Cosine similarity measure

Cosine similarity is a similarity function that is often used in information retrieval, and it is also one of the most popular similarity calculations applied to text documents, for numerous information retrieval applications [27], as well as clustering [28]. When documents are represented as vectors, the similarity in two documents corresponds to the correlation between the vectors. This is quantified as the cosine of the angle between vectors. Given two documents \(\overrightarrow {{t_{a} }}\) and \(\overrightarrow {{t_{b} }}\), their cosine similarity can be represented as

$$SIM_{C} \left( {\overrightarrow {{t_{a} }} ,\overrightarrow {{t_{b} }} } \right) = \varvec{ }\frac{{\overrightarrow {{t_{a} }} .\overrightarrow {{t_{b} }} }}{{\left| {\overrightarrow {{t_{a} }} } \right| \times \left| {\overrightarrow {{t_{b} }} } \right|}}$$
(1)

where \(\overrightarrow {{t_{a} }}\) and \(\overrightarrow {{t_{b} }}\) are m-dimensional vectors over the term set T = {t1,…, tm}. Each dimension represents a weight in the document, which is non-negative and bounded between [0, 1]. For example, when combining two identical copies of document d to get a new pseudo document d’, the cosine similarity between d and d’ is 1, which means that these two documents are regarded to be identical. At the same time, given another document l, d and d’ will have the same similarity value as that of l, that is \(\varvec{ }SIM\left( {\overrightarrow {{t_{d} }} ,\overrightarrow {{t_{l} }} } \right) = SIM\left( {\overrightarrow {{t_{d'} }} ,\overrightarrow {{t_{l} }} } \right)\). Otherwise, documents with the same composition but different totals will be treated identically. When the term vectors are normalized to a unit length such as 1, the representation of d and d’ will be the same.

Maximal cliques

A maximal clique is a special clique which cannot be extended by adding any other nodes [29]. The phrase “maximal clique” is usually used in terms of a sub graph of a given graph G. So a sub graph H of a graph G is a maximal clique in G if H is isomorphic to a complete graph and there is no vertex vV(G)∖V(H) so that v is adjacent to each vertex of H.

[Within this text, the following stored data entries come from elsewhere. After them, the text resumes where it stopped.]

section \<open>A monotonicity theorem for Laplace derivates\<close>

lemma lap_R_nonneg_imp_less:
  fixes G :: "real \<Rightarrow> real"
  assumes G: "G integrable_on {x..x + d}" and "0 < d" "0 < e"
    and bound: "\<And>t. 0 \<le> t \<Longrightarrow> t \<le> d \<Longrightarrow> integral {x..x + t} G \<le> c * t - e * t\<^sup>2 / 2"
    and nonneg: "0 \<le> Liminf at_top (\<lambda>s. ereal (lap_R G x d s))"
  shows "G x < c"
proof (rule ccontr)
  assume "\<not> G x < c"
  define h where "h t = G (x + t) - G x" for t
  have h: "h integrable_on {0..t}" "integral {0..t} h = integral {x..x + t} G - G x * t"
    if "0 \<le> t" "t \<le> d" for t
  proof -
    have "G integrable_on {x..x + t}"
      using integrable_subinterval_real[OF G] that by auto
    from has_integral_diff[OF integrable_integral[OF integral_shift_origin(1)[OF this]]
        has_integral_const_real[where c="G x" and a=0 and b=t]] integral_shift_origin(2)[OF this]
    have "(h has_integral integral {x..x + t} G - G x * t) {0..t}"
      unfolding h_def using that by (simp add: mult.commute)
    then show "h integrable_on {0..t}" "integral {0..t} h = integral {x..x + t} G - G x * t"
      by (auto simp: integral_unique)
  qed
  have "\<forall>\<^sub>F s in at_top. s\<^sup>2 * integral {0..d} (\<lambda>t. exp (- s * t) * h t) < - e / 2"
  proof (rule laplace_eventually_less[OF h(1) \<open>0 < d\<close> _ \<open>0 < e\<close>])
    show "integral {0..t} h \<le> (c - G x) * t - e * t\<^sup>2 / 2" if "0 \<le> t" "t \<le> d" for t
      using h(2)[OF that] bound[OF that] by (simp add: left_diff_distrib)
  qed (use \<open>\<not> G x < c\<close> \<open>0 < d\<close> in auto)
  then have "\<forall>\<^sub>F s in at_top. lap_R G x d s < - e / 2"
    by (simp add: lap_R_def h_def)
  moreover have "\<forall>\<^sub>F s in at_top. - e / 2 < lap_R G x d s"
    using nonneg \<open>0 < e\<close> unfolding le_Liminf_iff by (auto elim!: allE[of _ "ereal (- e / 2)"])
  ultimately have "\<forall>\<^sub>F s in at_top. lap_R G x d s < - e / 2 \<and> - e / 2 < lap_R G x d s"
    by (rule eventually_conj)
  then show False
    by (auto dest: eventually_happens)
qed

lemma lap_L_nonneg_imp_greater:
  fixes G :: "real \<Rightarrow> real"
  assumes G: "G integrable_on {x - d..x}" and "0 < d" "0 < e"
    and bound: "\<And>t. 0 \<le> t \<Longrightarrow> t \<le> d \<Longrightarrow> c * t + e * t\<^sup>2 / 2 \<le> integral {x - t..x} G"
    and nonneg: "0 \<le> Liminf at_top (\<lambda>s. ereal (lap_L G x d s))"
  shows "c < G x"
proof -
  have "- G (- (- x)) < - c"
  proof (rule lap_R_nonneg_imp_less[OF integrable_reflect_uminus[OF G] \<open>0 < d\<close> \<open>0 < e\<close>])
    show "integral {- x..- x + t} (\<lambda>z. - G (- z)) \<le> - c * t - e * t\<^sup>2 / 2"
      if "0 \<le> t" "t \<le> d" for t
      using bound[OF that] integral_reflect_uminus[of x t G] by simp
  qed (use nonneg in \<open>simp add: lap_L_reflect\<close>)
  then show ?thesis by simp
qed

lemma max_point_integral_minus_affine:
  fixes G :: "real \<Rightarrow> real"
  assumes "p \<le> q" and G: "G integrable_on {p..q}"
  obtains x where "x \<in> {p..q}"
    and "\<And>t. 0 \<le> t \<Longrightarrow> x + t \<le> q \<Longrightarrow> integral {x..x + t} G \<le> (k - e * x) * t - e * t\<^sup>2 / 2"
    and "\<And>t. 0 \<le> t \<Longrightarrow> p \<le> x - t \<Longrightarrow> (k - e * x) * t + e * t\<^sup>2 / 2 \<le> integral {x - t..x} G"
proof -
  define \<Psi> where "\<Psi> y = integral {p..y} G - k * y + e * y\<^sup>2 / 2" for y
  have "continuous_on {p..q} \<Psi>"
    unfolding \<Psi>_def by (intro continuous_intros indefinite_integral_continuous_1[OF G]) auto
  then obtain x where x: "x \<in> {p..q}" and max: "\<And>y. y \<in> {p..q} \<Longrightarrow> \<Psi> y \<le> \<Psi> x"
    using continuous_attains_sup[of "{p..q}" \<Psi>] \<open>p \<le> q\<close> by auto
  have \<Psi>_diff: "\<Psi> v - \<Psi> u = integral {u..v} G - k * (v - u) + e * (v\<^sup>2 - u\<^sup>2) / 2"
    if "p \<le> u" "u \<le> v" "v \<le> q" for u v
  proof -
    have "G integrable_on {p..v}"
      using integrable_subinterval_real[OF G] that by auto
    then have "integral {p..v} G = integral {p..u} G + integral {u..v} G"
      using Henstock_Kurzweil_Integration.integral_combine[of p u v G] that by auto
    then show ?thesis by (simp add: \<Psi>_def algebra_simps diff_divide_distrib)
  qed
  show ?thesis
  proof (rule that[OF x])
    show "integral {x..x + t} G \<le> (k - e * x) * t - e * t\<^sup>2 / 2" if "0 \<le> t" "x + t \<le> q" for t
      using max[of "x + t"] \<Psi>_diff[of x "x + t"] x that by (simp add: power2_eq_square field_simps)
    show "(k - e * x) * t + e * t\<^sup>2 / 2 \<le> integral {x - t..x} G" if "0 \<le> t" "p \<le> x - t" for t
      using max[of "x - t"] \<Psi>_diff[of "x - t" x] x that by (simp add: power2_eq_square field_simps)
  qed
qed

In other words, a sub graph H of a graph G is a maximal clique in G if H is a clique (there is an edge between every pair of vertices in H) and there is no vertex in G but not in H that sends an edge to every vertex of H. So we could not create a bigger clique in G by adding another vertex to H. as shown in Fig. 2 below.

Fig. 2
figure 2

An example of maximal cliques

The red sub graph of the first graph is not a clique because there are two vertices in it not connected by an edge. The red sub graph of the second graph is a clique, but because there is a vertex in the larger graph connected to all 3 vertices in the sub graph, it is not a maximal clique. The red sub graph of the third graph is a maximal clique because it is a clique, and the last vertex not included in the sub graph does not send an edge to every vertex in the sub graph. The red sub graph of the fourth graph is a maximal clique because it is a clique, and neither of the vertices not included in the sub graph send an edge to every vertex in the sub graph. Note that the third and fourth red sub graphs are both maximal cliques even though the third red sub graph is larger.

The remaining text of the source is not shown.